In Omicsoft, we provide a solution to input multiple files for one sample using the GroupingFile parameter. The parameter should work for any NGS modules which are taking raw read files as input. Group File has two columns defining sample files and sample name (see Group File example for details). Based on group file, read 1 and read 2 files are matched by file name and inputted into data analysis sequentially. The output file will use sample name as output name, such as "SampleName.bam", and "SampleName" in OmicSoft reports.

Rename NGS output with Sample ID

There is a good "side effect" using GroupingFile: renaming BAM files with other names. Previously, BAM file names are determined by input file names and a simple pairing rule. With GroupingFile, outputs are named with SampleName (the second) column.
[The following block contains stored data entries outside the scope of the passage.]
context
  fixes S :: "nat \<Rightarrow> real \<Rightarrow> real"
  assumes tower: "deriv_tower S"
    and vanish: "\<And>k y. 1/2 \<le> \<bar>y\<bar> \<Longrightarrow> S k y = 0"
begin

lemma twist_eq_0_outside: "1/2 \<le> \<bar>y\<bar> \<Longrightarrow> twist L S M k y = 0"
  using vanish by (intro twist_eq_0)

lemma deriv_tower_bounded: "\<exists>b. \<forall>k y. \<bar>S k y\<bar> \<le> b k"
proof -
  obtain b where b: "\<And>k y. y \<in> {-1/2..1/2} \<Longrightarrow> \<bar>S k y\<bar> \<le> b k"
    using deriv_tower_bounded_on[OF tower compact_Icc] by blast
  have "\<bar>S k y\<bar> \<le> b k" for k y
  proof (cases "1/2 \<le> \<bar>y\<bar>")
    case True
    then show ?thesis using b[of 0 k] vanish by simp
  next
    case False
    then have "y \<in> {-1/2..1/2}" by auto
    then show ?thesis by (rule b)
  qed
  then show ?thesis by blast
qed

lemma has_integral_emod_twist_halfline:
  assumes l: "l \<ge> 1"
  shows "((\<lambda>y. emod l y * (c * twist l S (Suc M) 0 y)) has_integral
            c / of_nat l * (emod l x * twist l S M 0 x)) {..x}"
    (is "(?g has_integral ?F x) _")
proof (cases "-1 \<le> x")
  case True
  then have "(?g has_integral ?F x) {-1..x}"
    using has_integral_emod_twist[OF tower l True, of c M] by (simp add: twist_eq_0_outside[of "-1"])
  then have "((\<lambda>y. if y \<le> x then ?g y else 0) has_integral ?F x) {-1..x}"
    by (rule has_integral_cong[THEN iffD1, rotated]) auto
  then have "((\<lambda>y. if y \<le> x then ?g y else 0) has_integral ?F x) {..x}"
    by (rule has_integral_on_superset) (auto simp: twist_eq_0_outside)
  then show ?thesis by (rule has_integral_cong[THEN iffD1, rotated]) auto
next
  case False
  have "(?g has_integral 0) {..x}"
    using False by (intro has_integral_is_0) (simp add: twist_eq_0_outside)
  then show ?thesis using False by (simp add: twist_eq_0_outside[of x])
qed

lemma step_R_twist:
  assumes "l \<ge> 1"
  shows "step_R l (\<lambda>y. c * twist l S (Suc M) 0 y) = (\<lambda>y. (\<i> * c) * twist l S M 0 y)"
  using integral_unique[OF has_integral_emod_twist_halfline[OF assms]] step_prefactor_cancel[OF assms]
  by (simp add: step_R_def inv_dx_R_def fun_eq_iff)

lemma supp_in_R_twist: "supp_in_R (\<lambda>x. c * twist L S M 0 x)"
proof -
  have "{x. c * twist L S M 0 x \<noteq> 0} \<subseteq> {-1/2..1/2}"
    using twist_eq_0_outside by (force simp: abs_le_iff)
  then have "closure {x. c * twist L S M 0 x \<noteq> 0} \<subseteq> {-1/2..1/2}"
    by (rule closure_minimal) simp
  then show ?thesis unfolding supp_in_R_def by auto
qed

lemma schwartz_R_twist:
  assumes "L \<ge> 1"
  shows "schwartz_R (\<lambda>x. c * twist L S M 0 x)"
  unfolding schwartz_R_def
proof (intro conjI allI)
  show "smooth_fun (\<lambda>x. c * twist L S M 0 x)"
    using smooth_fun_scaled_twist[OF tower] .
  obtain b where b: "\<And>k y. \<bar>S k y\<bar> \<le> b k"
    using deriv_tower_bounded by blast
  fix a k
  have "norm (complex_of_real (x ^ a) * (c * twist L S M k x)) \<le> cmod c * twist_bound b M k" for x
  proof (cases "1/2 \<le> \<bar>x\<bar>")
    case True
    have "cmod (twist L S M k 0) \<le> twist_bound b M k"
      by (intro norm_twist_le b assms)
    then have "0 \<le> twist_bound b M k"
      using norm_ge_zero order_trans by blast
    then show ?thesis using True by (simp add: twist_eq_0_outside)
  next
    case False
    then have "\<bar>x\<bar> ^ a \<le> 1" "cmod (twist L S M k x) \<le> twist_bound b M k"
      using b assms by (auto intro!: power_le_one norm_twist_le)
    then have "\<bar>x\<bar> ^ a * (cmod c * cmod (twist L S M k x)) \<le> 1 * (cmod c * twist_bound b M k)"
      by (intro mult_mono mult_left_mono) auto
    then show ?thesis by (simp add: norm_mult norm_power)
  qed
  then show "bounded (range (\<lambda>x. complex_of_real (x ^ a) * vderiv k (\<lambda>x. c * twist L S M 0 x) x))"
    unfolding vderiv_scaled_twist[OF tower] bounded_iff by blast
qed

lemma Hm_R_twist_le:
  assumes b: "\<And>k y. \<bar>S k y\<bar> \<le> b k" and "L \<ge> 1"
  shows "Hm_R m (\<lambda>x. c * twist L S M 0 x) \<le> sqrt (\<Sum>k\<le>m. (cmod c * twist_bound b M k)\<^sup>2)"
  unfolding Hm_R_def vderiv_scaled_twist[OF tower]
proof (intro real_sqrt_le_mono sum_mono)
  fix k
  define F where "F x = (cmod (c * twist L S M k x))\<^sup>2" for x
  have cont: "continuous_on UNIV F"
    unfolding F_def by (intro continuous_intros continuous_on_twist[OF tower])
  have "integral UNIV F = integral {-1/2..1/2} F"
    using has_integral_UNIV_of_vanishing_outside[OF cont, of "1/2"]
    by (simp add: F_def twist_eq_0_outside integral_unique)
  also have "\<dots> \<le> integral {-1/2..1/2::real} (\<lambda>x. (cmod c * twist_bound b M k)\<^sup>2)"
  proof (intro integral_le integrable_continuous_interval continuous_on_subset[OF cont] continuous_on_const)
    fix x :: real assume "x \<in> {-1/2..1/2}"
    then have "cmod (twist L S M k x) \<le> twist_bound b M k"
      by (intro norm_twist_le b assms(2))
    then show "F x \<le> (cmod c * twist_bound b M k)\<^sup>2"
      by (simp add: F_def norm_mult power_mono mult_left_mono)
  qed auto
  finally show "integral UNIV F \<le> (cmod c * twist_bound b M k)\<^sup>2" by simp
qed

lemma L2_R_twist_ge:
  assumes "\<And>k y. \<bar>y\<bar> \<le> 1/5 \<Longrightarrow> S k y = (if k = 0 then 1 else 0)"
  shows "sqrt (2/5) \<le> L2_R (twist L S M 0)"
proof -
  define F where "F = (\<lambda>x. (cmod (twist L S M 0 x))\<^sup>2)"
  have cont: "continuous_on UNIV F"
    unfolding F_def by (intro continuous_intros continuous_on_twist[OF tower])
  have "integral {-1/5..1/5::real} (\<lambda>x. 1) = integral {-1/5..1/5} F"
    using assms by (intro integral_cong) (auto simp: F_def twist_plateau norm_power)
  also have "\<dots> \<le> integral {-1/2..1/2} F"
    by (intro integral_subset_le integrable_continuous_interval continuous_on_subset[OF cont])
       (auto simp: F_def)
  also have "\<dots> = integral UNIV F"
    using has_integral_UNIV_of_vanishing_outside[OF cont, of "1/2"]
    by (simp add: F_def twist_eq_0_outside integral_unique)
  finally show ?thesis unfolding L2_R_def F_def[symmetric] by simp
qed

lemma wave_packet_line:
  assumes plateau: "\<And>k y. \<bar>y\<bar> \<le> 1/5 \<Longrightarrow> S k y = (if k = 0 then 1 else 0)"
    and b: "\<And>k y. \<bar>S k y\<bar> \<le> b k"
  shows "\<exists>C. \<forall>l\<ge>1. \<exists>p. schwartz_R p \<and> (\<exists>x. p x \<noteq> 0) \<and> iter_R_defined l n p \<and>
           (\<forall>j\<in>{1..n}. schwartz_R (iter_R l j p)) \<and>
           (\<forall>m. (\<Sum>j\<le>n. Hm_R m (iter_R l j p)) \<le> C m * L2_R p) \<and>
           (\<forall>j\<le>n. supp_in_R (iter_R l j p))"
proof -
  define p where "p l = twist l S (Suc n) 0" for l :: nat
  have iter: "iter_R l j (p l) = (\<lambda>x. \<i> ^ j * twist l S (Suc (n - j)) 0 x)" if "l \<ge> 1" "j \<le> n" for l j
    using funpow_step_twist[OF step_R_twist[OF that(1)] that(2)] that(2)
    by (simp add: iter_R_def p_def Suc_diff_le)
  have "iter_R_defined l n (p l)" if "l \<ge> 1" for l
    using has_integral_emod_twist_halfline[OF that]
    by (auto simp: iter_R_defined_def inv_dx_R_defined_def iter[OF that])
  moreover have "schwartz_R (p l)" if "l \<ge> 1" for l
    using schwartz_R_twist[of l 1 "Suc n"] that by (simp add: p_def)
  moreover have "p l 0 \<noteq> 0" for l
    using twist_plateau[of S 0] plateau by (simp add: p_def)
  moreover have "schwartz_R (iter_R l j (p l))" "supp_in_R (iter_R l j (p l))" if "l \<ge> 1" "j \<le> n" for l j
    using schwartz_R_twist supp_in_R_twist that by (simp_all add: iter)
  moreover have "(\<Sum>j\<le>n. Hm_R m (iter_R l j (p l))) \<le> iterate_Hm_bound 1 b n m / sqrt (2/5) * L2_R (p l)"
    if "l \<ge> 1" for l m
    unfolding iterate_Hm_bound_def
  proof (rule sum_le_mult_lower_bound)
    show "Hm_R m (iter_R l j (p l)) \<le> sqrt (\<Sum>k\<le>m. 1 * (twist_bound b (Suc n - j) k)\<^sup>2)" if "j \<le> n" for j
      using Hm_R_twist_le[OF b, of l m "\<i> ^ j"] \<open>l \<ge> 1\<close> that
      by (simp add: iter Suc_diff_le norm_power del: twist_bound.simps)
    show "sqrt (2/5) \<le> L2_R (p l)"
      unfolding p_def by (rule L2_R_twist_ge[OF plateau])
  qed (auto intro: sum_nonneg)
  ultimately show ?thesis
    by (intro exI[of _ "\<lambda>m. iterate_Hm_bound 1 b n m / sqrt (2/5)"] allI impI exI[of _ "p _"]) auto
qed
Therefore, GroupingFile is also useful when there is a single file (or a pair of files for paired end) for one sample (see TestDataB sample in Group File example for details).

How to do this in sample registration

In sample registration, multiple files can be specified in FilePath separated by |. In the example of sample registration, two pairs of FASTQ1 and FASTQ2 files are specified for TestDataA and one pair of FASTQ1 and FASTQ2 files are specified for TestDataB.

[Samples]			
SampleID	FilePath	Species
TestDataA	FASTQ1=/filepath1/TestA1_1.fastq.gz|FASTQ2=/filepath1/TestA1_2.fastq.gz|FASTQ1=/filepath1/TestA2_1.fastq.gz|FASTQ2=/filepath1/TestA2_2.fastq.gz	Human
TestDataB	FASTQ1=/filepath2/TestB_1.fastq.gz|FASTQ2=/filepath2/TestB_2.fastq.gz	Human
...
[SampleSet]			
ID=TestGroupData			
Title=TestGrouping			
Description=test
...
[Pipeline]								
ScriptID=xxxx.pscript
... 

Once the sampleset is created (during sample registration or later), user can run a pipeline on the sampleset. If one of samples contains multiple sequence files, a grouping file will be generated automatically (usually it is saved in /Users/userid/PScriptLog with name GroupingFile_xxxxxx.txt). The program will insert /GroupingFile="/Users/userid/PScriptLog/GroupingFile_xxxxxx.txt" properly to the Options sections in the final pipeline script.

NOTE: Due to the change made on 06/27/2013, the output names of results analyzed using sample registration will use the SampleID column, even if there is no sample in sampleset contains multiple sequence files. Please take it into account when you choose a good SampleID and pre-register the output BAM files.

Here is one example which pre-registering the output BAM files

[Samples]			
SampleID	FilePath	Species
TestDataA	FASTQ1=/F1/TestA1_1.fastq.gz|FASTQ2=/F1/TestA1_2.fastq.gz|FASTQ1=/F1/TestA2_1.fastq.gz|FASTQ2=/F1/TestA2_2.fastq.gz|BAM=/output/TestDataA.bam	Human
TestDataB	FASTQ1=/filepath2/TestB_1.fastq.gz|FASTQ2=/filepath2/TestB_2.fastq.gz|BAM=/output/TestDataB.bam	Human

Please read Sample registration articles if you are not familiar with sample registration process.

How to do this from GUI

In GUI, group file can be specified through the "Add List" link:

GroupFile.png


Grouping file example (tab delimited),

/filepath/MyData_1.fastq.gz	TestDataA
/filepath/MyData_2.fastq.gz	TestDataA
/filepath/MyTest_1.fastq.gz	TestDataA
/filepath/MyTest_2.fastq.gz	TestDataA
/filepath/SRR065521.1.fastq.gz	TestDataB
/filepath/SRR065521.2.fastq.gz	TestDataB

Note:

  • When add list using a file containing only one column (on a list of file paths), GroupingFile option is not enabled. It simply help users load a list of files to GUI. Output names will still use input file names.
  • When add list using a file containing only two columns (a list of file paths + a list of sample IDs), GroupingFile option is enabled. It help users load a list of files to GUI and generate the GroupingFile option for analysis. Output names will use sample IDs (the second column).
  • In NGS raw data QC, the grouping file is not used since a hidden parameter /UseFileGrouping=False is specified by default. Each raw data file is scanned for QC purpose.
  • Sample registration will automatically append /GroupingFile="/xxx" in the end of each pipeline script block. /DisableAutoGroupingFile=True will disable the append of the option.